Tried out raw squid the other day and all my piranha's loved it...plus its cheaper a pound than raw shrimp here so this might be added to the main staple of food. If you try this just remember to take out the ink quill.


----------



## Atlanta Braves Baby! (Mar 12, 2003)

Ill have to give this a try


----------



## RhomZilla (Feb 12, 2003)

Squid, huh. Hate that shiet when moms cook it..*UGH*!! But if its good for the Ps, then I will try.


----------



## Death in #'s (Apr 29, 2003)

rosecityrhom said:


> Tried out raw squid the other day and all my piranha's loved it...plus its cheaper a pound than raw shrimp here so this might be added to the main staple of food. If you try this just remember to take out the ink quill.
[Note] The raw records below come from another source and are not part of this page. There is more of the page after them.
lemma countable_Vt: "t \<in> T \<Longrightarrow> countable (sdown le t) \<Longrightarrow> countable (Vt t)"
proof -
  assume "t \<in> T" "countable (sdown le t)"
  then have "|Vt t| \<le>o |sdown le t| +c natLeq" "|sdown le t| \<le>o natLeq"
    using slim countable_card_le_natLeq unfolding slim_def by blast+
  moreover have "|sdown le t| +c natLeq =o natLeq"
    using csum_absorb2'[OF natLeq_Card_order] natLeq_cinfinite calculation(2) by blast
  ultimately show ?thesis using countable_card_le_natLeq ordLeq_ordIso_trans by blast
qed

lemma tree_back_orientation:
  assumes W: "W \<subseteq> T" and countable: "\<And>w. w \<in> W \<Longrightarrow> countable (Vt w)"
  shows "\<exists>F. finite_back_orientation W (contraction E T Vt) F"
proof -
  let ?A = "contraction E T Vt \<inter> W \<times> W"
  have "\<exists>F. finite_back_orientation W ?A F"
  proof (rule branch_family_back_orientation)
    fix w assume w: "w \<in> W"
    then have "Vt w \<inter> U \<noteq> {}" using rooted W unfolding U_rooted_tree_def by blast
    then show "Vt w \<subseteq> V \<and> connected_in E (Vt w) \<and> Vt w \<inter> U \<noteq> {} \<and> countable (Vt w)"
      using w W Vt_subset Vt_connected countable by blast
  next
    fix v w assume "v \<in> W" "w \<in> W" "v \<noteq> w"
    then show "Vt v \<inter> Vt w = {}" using W Vt_disjoint by blast
  next
    fix v w assume vw: "(v, w) \<in> ?A"
    then have "(v, w) \<in> contraction E T Vt" by blast
    then have "v \<in> T" "w \<in> T" "v \<noteq> w" "\<exists>x\<in>Vt v. \<exists>y\<in>Vt w. (x, y) \<in> E"
      unfolding contraction_iff by blast+
    moreover have "\<exists>x\<in>Vt w. \<exists>y\<in>Vt v. (x, y) \<in> E" using calculation(4) edge_sym by blast
    ultimately have "(w, v) \<in> contraction E T Vt" unfolding contraction_iff by blast
    then show "v \<in> W \<and> w \<in> W \<and> v \<noteq> w \<and> (w, v) \<in> ?A \<and> (\<exists>x\<in>Vt v. \<exists>y\<in>Vt w. (x, y) \<in> E)"
      using vw \<open>v \<noteq> w\<close> \<open>\<exists>x\<in>Vt v. \<exists>y\<in>Vt w. (x, y) \<in> E\<close> by blast
  qed
  then show ?thesis unfolding finite_back_orientation_def by blast
qed
end

context slim_ccn_tree
begin

text \<open>A minimal node of uncountable height would sit above a limit node a that is closed
  under a finite back-orientation of the contraction minor on the nodes of countable height;
  but a has infinitely many lower neighbours, one of which must charge the edge to a.\<close>
lemma countable_heights: "t \<in> T \<Longrightarrow> countable (sdown le t)"
proof (rule ccontr)
  assume "t \<in> T" "uncountable (sdown le t)"
  let ?C = "{s\<in>T. uncountable (sdown le s)}"
  obtain t' where t': "t' \<in> ?C" "\<forall>a\<in>?C. (a, t') \<in> le \<longrightarrow> a = t'"
    using minimal_exists[of ?C] \<open>t \<in> T\<close> \<open>uncountable (sdown le t)\<close> by blast
  have cnt: "countable (sdown le d)" if "d \<in> sdown le t'" for d
    using that t'(2) le_in_T unfolding sdown_def by blast
  let ?W = "{s\<in>T. countable (sdown le s)}"
  obtain F where F: "finite_back_orientation ?W (contraction E T Vt) F"
    using tree_back_orientation[of ?W] countable_Vt by blast
  have W: "sdown le t' \<subseteq> ?W" using cnt le_in_T unfolding sdown_def by blast
  have "countable (F d)" if d: "d \<in> sdown le t'" for d
  proof -
    have "d \<in> ?W" using d W by blast
    then have "finite (F d)" using F unfolding finite_back_orientation_def by blast
    then show ?thesis by (rule countable_finite)
  qed
  then obtain a where a: "a \<in> sdown le t'" "limit_node a"
    and closed: "\<forall>u\<in>sdown le a. \<forall>x\<in>F u \<inter> sdown le t'. (x, a) \<in> le \<and> x \<noteq> a"
    using uncountable_height_closure_point[of t' F] t'(1) cnt by blast
  have aT: "a \<in> T" using a(1) le_in_T unfolding sdown_def by blast
  have below: "sdown le a \<subseteq> sdown le t'"
    using a(1) le_trans le_antisym unfolding sdown_def by blast
  have inf: "infinite {u\<in>sdown le a. (u, a) \<in> contraction E T Vt}"
    by (rule limit_node_infinite_lower_neighbours[OF aT a(2)])
  have sub: "{u\<in>sdown le a. (u, a) \<in> contraction E T Vt} \<subseteq> {u\<in>?W. (u, a) \<in> contraction E T Vt}"
    using below W by blast
  have "a \<in> ?W" using a(1) W by blast
  from finite_back_orientation_catch[OF F this sub inf]
  obtain u where "u \<in> sdown le a" "a \<in> F u" by blast
  then show False using closed a(1) by blast
qed

lemma uncountable_T: "uncountable T"
proof
  assume "countable T"
  then have "countable (GS Vt T)" unfolding GS_def using countable_Vt countable_heights by blast
  then show False using U_GS U_uncountable countable_subset by blast
qed

definition tree_orientation :: "'t \<Rightarrow> 't set" where
  "tree_orientation = (SOME F. finite_back_orientation T (contraction E T Vt) F)"

lemma finite_back_orientation_tree_orientation:
  "finite_back_orientation T (contraction E T Vt) tree_orientation"
proof -
  have "countable (Vt t)" if "t \<in> T" for t using that countable_Vt countable_heights by blast
  then have "\<exists>F. finite_back_orientation T (contraction E T Vt) F"
    by (rule tree_back_orientation[OF subset_refl])
  then show ?thesis unfolding tree_orientation_def by (rule someI_ex)
qed

definition heavy_children :: "'t \<Rightarrow> 't set" where
  "heavy_children p = {t\<in>T. sdown le t = down le p \<and>
     infinite (neighbours_in E (GS Vt (down le p)) (branch_component t))}"

lemma countable_heavy_children:
  assumes p: "p \<in> T"
  shows "countable (heavy_children p)"
proof (rule disjoint_family_countable)
  show "GS Vt (down le p) \<subseteq> V" using Vt_subset le_in_T unfolding GS_def down_def by blast
  have "countable (down le p)" using countable_heights p down_eq_insert_sdown by simp
  then show "countable (GS Vt (down le p))"
    unfolding GS_def using countable_Vt countable_heights le_in_T unfolding down_def by blast
next
  fix t assume "t \<in> heavy_children p"
  then have t: "t \<in> T" "sdown le t = down le p"
    and inf: "infinite (neighbours_in E (GS Vt (down le p)) (branch_component t))"
    unfolding heavy_children_def by blast+
  have "Vt t \<inter> U \<noteq> {}" using rooted t(1) unfolding U_rooted_tree_def by blast
  then have "branch_component t \<inter> U \<noteq> {}" using Vt_subset_branch_component[OF t(1)] by blast
  then show "branch_component t \<subseteq> V - GS Vt (down le p) \<and> connected_in E (branch_component t) \<and>
      branch_component t \<inter> U \<noteq> {} \<and> infinite (neighbours_in E (GS Vt (down le p)) (branch_component t))"
    using branch_component_subset[OF t(1)] t(2) branch_component_connected inf by simp
next
  fix t t' assume "t \<in> heavy_children p" "t' \<in> heavy_children p" "t \<noteq> t'"
  then show "branch_component t \<inter> branch_component t' = {}"
    using branch_components_disjoint unfolding heavy_children_def by auto
qed

definition closure_rel :: "('t \<times> 't) set" where
  "closure_rel = {(s, s'). s \<in> T \<and> s' \<in> T \<and>
     ((s', s) \<in> le \<or> s' \<in> tree_orientation s \<or> s' \<in> heavy_children s)}"

lemma closure_rel_subset: "closure_rel \<subseteq> T \<times> T"
  unfolding closure_rel_def by blast

lemma countable_closure_rel_Image: "countable (closure_rel `` {s})"
proof (cases "s \<in> T")
  case True
  have "closure_rel `` {s} \<subseteq> down le s \<union> tree_orientation s \<union> heavy_children s"
    unfolding closure_rel_def down_def by blast
  moreover have "countable (down le s)" using countable_heights True down_eq_insert_sdown by simp
  moreover have "finite (tree_orientation s)"
    using finite_back_orientation_tree_orientation True unfolding finite_back_orientation_def by blast
  ultimately show ?thesis
    using countable_heavy_children[OF True] countable_finite countable_subset by (metis countable_Un)
next
  case False
  then show ?thesis unfolding closure_rel_def by simp
qed

lemma closure_closed_rooted_subtree:
  "S \<subseteq> T \<Longrightarrow> closure_rel `` S \<subseteq> S \<Longrightarrow> rooted_subtree T le S"
  unfolding rooted_subtree_def closure_rel_def using le_in_T by blast

end

context normal_tree
begin

lemma Vt_avoids_GS: "t \<in> T \<Longrightarrow> t \<notin> S \<Longrightarrow> S \<subseteq> T \<Longrightarrow> Vt t \<inter> GS Vt S = {}"
  using Vt_disjoint unfolding GS_def by blast

lemma component_minimal_node:
  assumes S: "rooted_subtree T le S" and C: "component_of E (V - GS Vt S) C" "C \<inter> GS Vt T \<noteq> {}"
  obtains t where "t \<in> T" "t \<notin> S" "Vt t \<subseteq> C" "sdown le t \<subseteq> S"
proof -
  have ST: "S \<subseteq> T" using S unfolding rooted_subtree_def by blast
  have CV: "C \<subseteq> V - GS Vt S" using C(1) unfolding component_of_def by blast
  let ?N = "{s\<in>T. Vt s \<inter> C \<noteq> {}}"
  have "?N \<noteq> {}" using C(2) unfolding GS_def by blast
  then obtain t where t: "t \<in> ?N" "\<forall>a\<in>?N. (a, t) \<in> le \<longrightarrow> a = t"
    using minimal_exists[of ?N] by blast
  have not_S: "a \<notin> S" if "a \<in> ?N" for a
    using that CV unfolding GS_def by blast
  have in_C: "X \<subseteq> C" if "connected_in E X" "X \<subseteq> V - GS Vt S" "X \<inter> C \<noteq> {}" for X
    using component_of_absorbs[OF C(1)] that by blast
  have Vt_C: "Vt a \<subseteq> C" if a: "a \<in> ?N" for a
  proof (rule in_C)
    show "Vt a \<subseteq> V - GS Vt S" using Vt_subset Vt_avoids_GS[OF _ not_S[OF a] ST] a by blast
  qed (use a Vt_connected in blast)+
  have "s \<in> S" if s: "s \<in> sdown le t" for s
  proof (rule ccontr)
    assume "s \<notin> S"
    have tT: "t \<in> T" using t(1) by blast
    obtain u where u: "u \<in> sdown le t" "(u, t) \<in> contraction E T Vt" "(s, u) \<in> le"
      using contraction_cofinal[OF tT s] by blast
    have uT: "u \<in> T" and "u \<notin> S"
      using u(2) \<open>s \<notin> S\<close> u(3) S unfolding contraction_iff rooted_subtree_def by blast+
    obtain x y where xy: "x \<in> Vt u" "y \<in> Vt t" "(x, y) \<in> E" using u(2) unfolding contraction_iff by blast
    have "connected_in E (Vt u \<union> Vt t)"
      using connected_in_Un_edge[OF Vt_connected[OF uT] Vt_connected[OF tT] xy] .
    moreover have "Vt u \<union> Vt t \<subseteq> V - GS Vt S"
      using Vt_subset Vt_avoids_GS[OF uT \<open>u \<notin> S\<close> ST] Vt_avoids_GS[OF tT not_S[OF t(1)] ST] uT tT
      by blast
    moreover have "(Vt u \<union> Vt t) \<inter> C \<noteq> {}" using t(1) by blast
    ultimately have "Vt u \<subseteq> C" using in_C by blast
    then have "u \<in> ?N" using Vt_nonempty[OF uT] uT by blast
    then show False using t(2) u(1) unfolding sdown_def by blast
  qed
  then show ?thesis using that t(1) not_S Vt_C by blast
qed

lemma component_neighbours_below:
  assumes S: "rooted_subtree T le S" and C: "C \<subseteq> V - GS Vt S" "connected_in E C"
    and t: "t \<in> T" "t \<notin> S" "Vt t \<subseteq> C" "sdown le t \<subseteq> S"
  shows "neighbours_in E (GS Vt S) C \<subseteq> neighbours_in E (GS Vt (sdown le t)) (branch_component t)"
proof
  fix h assume "h \<in> neighbours_in E (GS Vt S) C"
  then obtain c s where h: "s \<in> S" "h \<in> Vt s" "c \<in> C" "(c, h) \<in> E"
    unfolding neighbours_in_def GS_def by blast
  have sT: "s \<in> T" using h(1) S unfolding rooted_subtree_def by blast
  let ?v = "SOME v. v \<in> Vt t"
  have v: "?v \<in> Vt t" "?v \<in> C" using some_in_Vt[OF t(1)] t(3) by blast+
  have "C \<inter> GS Vt (sdown le t) = {}" using C(1) t(4) unfolding GS_def by blast
  then obtain a where a: "(t, a) \<in> le" "linked C a c"
    using reach_linked_above[OF t(1) _ v connected_in_reach[OF C(2) v(2) h(3)]] by blast
  have "(a, s) \<in> le \<or> (s, a) \<in> le"
    using linked_edge_comparable[OF a(2) h(4) h(2) _ sT] a(1) le_in_T by blast
  then have "(s, a) \<in> le" using a(1) le_trans t(2) h(1) S unfolding rooted_subtree_def by blast
  then have "(s, t) \<in> le"
    using below_comparable[OF _ a(1)] t(2) h(1) S unfolding rooted_subtree_def by blast
  then have "h \<in> GS Vt (sdown le t)" using h(1,2) t(2) unfolding GS_def sdown_def by blast
  moreover have "C \<subseteq> V - GS Vt (sdown le t)" using C(1) t(4) unfolding GS_def by blast
  then have "reach (V - GS Vt (sdown le t)) ?v c"
    by (rule reach_mono[OF connected_in_reach[OF C(2) v(2) h(3)]])
  then have "c \<in> branch_component t" unfolding branch_component_def reach_class_def by blast
  ultimately show "h \<in> neighbours_in E (GS Vt (sdown le t)) (branch_component t)"
    using h(4) unfolding neighbours_in_def by blast
qed
lemma mem_lclosureI:
  assumes "g \<in> l2" "\<And>n. G n \<in> A" "\<And>n. l2_sqnorm (\<lambda>x. g x - G n x) \<le> \<delta> n" "\<delta> \<longlonglongrightarrow> 0"
  shows "g \<in> lclosure A"
  unfolding lclosure_def
proof (intro CollectI conjI allI impI \<open>g \<in> l2\<close>)
  fix e :: real assume "e > 0"
  then obtain n where "\<forall>m\<ge>n. norm (\<delta> m - 0) < e\<^sup>2"
    using LIMSEQ_D[OF assms(4), of "e\<^sup>2"] by auto
  then have "\<delta> n < e\<^sup>2" by auto
  then have "l2norm (\<lambda>x. g x - G n x) < e"
    using assms(3)[of n] \<open>e > 0\<close> by (simp add: l2norm_less_iff)
  then show "\<exists>g'\<in>A. l2norm (\<lambda>x. g x - g' x) < e" using assms(2) by blast
qed

lemma tendsto_if_l2_sqnorm_le:
  assumes "\<And>n. (\<lambda>x. f x - G n x) \<in> l2" "\<And>n. l2_sqnorm (\<lambda>x. f x - G n x) \<le> \<delta> n" "\<delta> \<longlonglongrightarrow> 0"
  shows "(\<lambda>n. G n x) \<longlonglongrightarrow> f x"
proof (rule LIM_zero_cancel, rule Lim_null_comparison)
  have "(cmod (G n x - f x))\<^sup>2 \<le> \<delta> n" for n
  proof -
    have "(cmod (f x - G n x))\<^sup>2 \<le> l2_sqnorm (\<lambda>x. f x - G n x)"
      by (rule power2_le_l2_sqnorm[OF assms(1)])
    then show ?thesis using assms(2)[of n] norm_minus_commute[of "G n x" "f x"] by simp
  qed
  then show "\<forall>\<^sub>F n in sequentially. norm (G n x - f x) \<le> sqrt (\<delta> n)"
    by (simp add: real_le_rsqrt)
  show "(\<lambda>n. sqrt (\<delta> n)) \<longlonglongrightarrow> 0"
    using tendsto_real_sqrt[OF assms(3)] by simp
qed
how do u take out the ink quill .show pics if u have








sounds like a plan ill try it


----------



## lastyboy (Apr 14, 2003)

Yeah good idea Batman!!!
Will give it a go


----------



## SnowCichlid (Jan 10, 2003)

not to familiar with the squid. But it does sound like a rather brilliant idea :smile:


----------



## pcrose (Mar 9, 2003)

you can feel it in the back I showed kev how to do it awhile ago I learned it in school. Go to the back of the squid slit it open and you will see a plastic looking thing, it goes from the tip of the head to where the tentacles grow. and basically just pull it out and feel around in the squid to make sure you get it out next time we do this I will have kev take pics or I will.


----------



## o snap its eric (Feb 19, 2003)

hmmm... i wonder if its really good you know. The though texture of the meat seems hard to digest and rip apart. But hey, if what your doing is doiong it for you then why change. Let us know if you see any difference in your P.


----------



## JReezelle (May 18, 2003)

RhomZilla said:


> Squid, huh. Hate that shiet when moms cook it..*UGH*!! But if its good for the Ps, then I will try.


 Sup dog you don't like pusit? LOL j/k I'ma give that a try too.


----------



## rong666 (Mar 5, 2003)

hey rose, trader joes in hollywood has a good seafood mix for like 5.99 . its got precleaned squid ,shrimp, octopus ,mussells, and scallops. my natts love it.


----------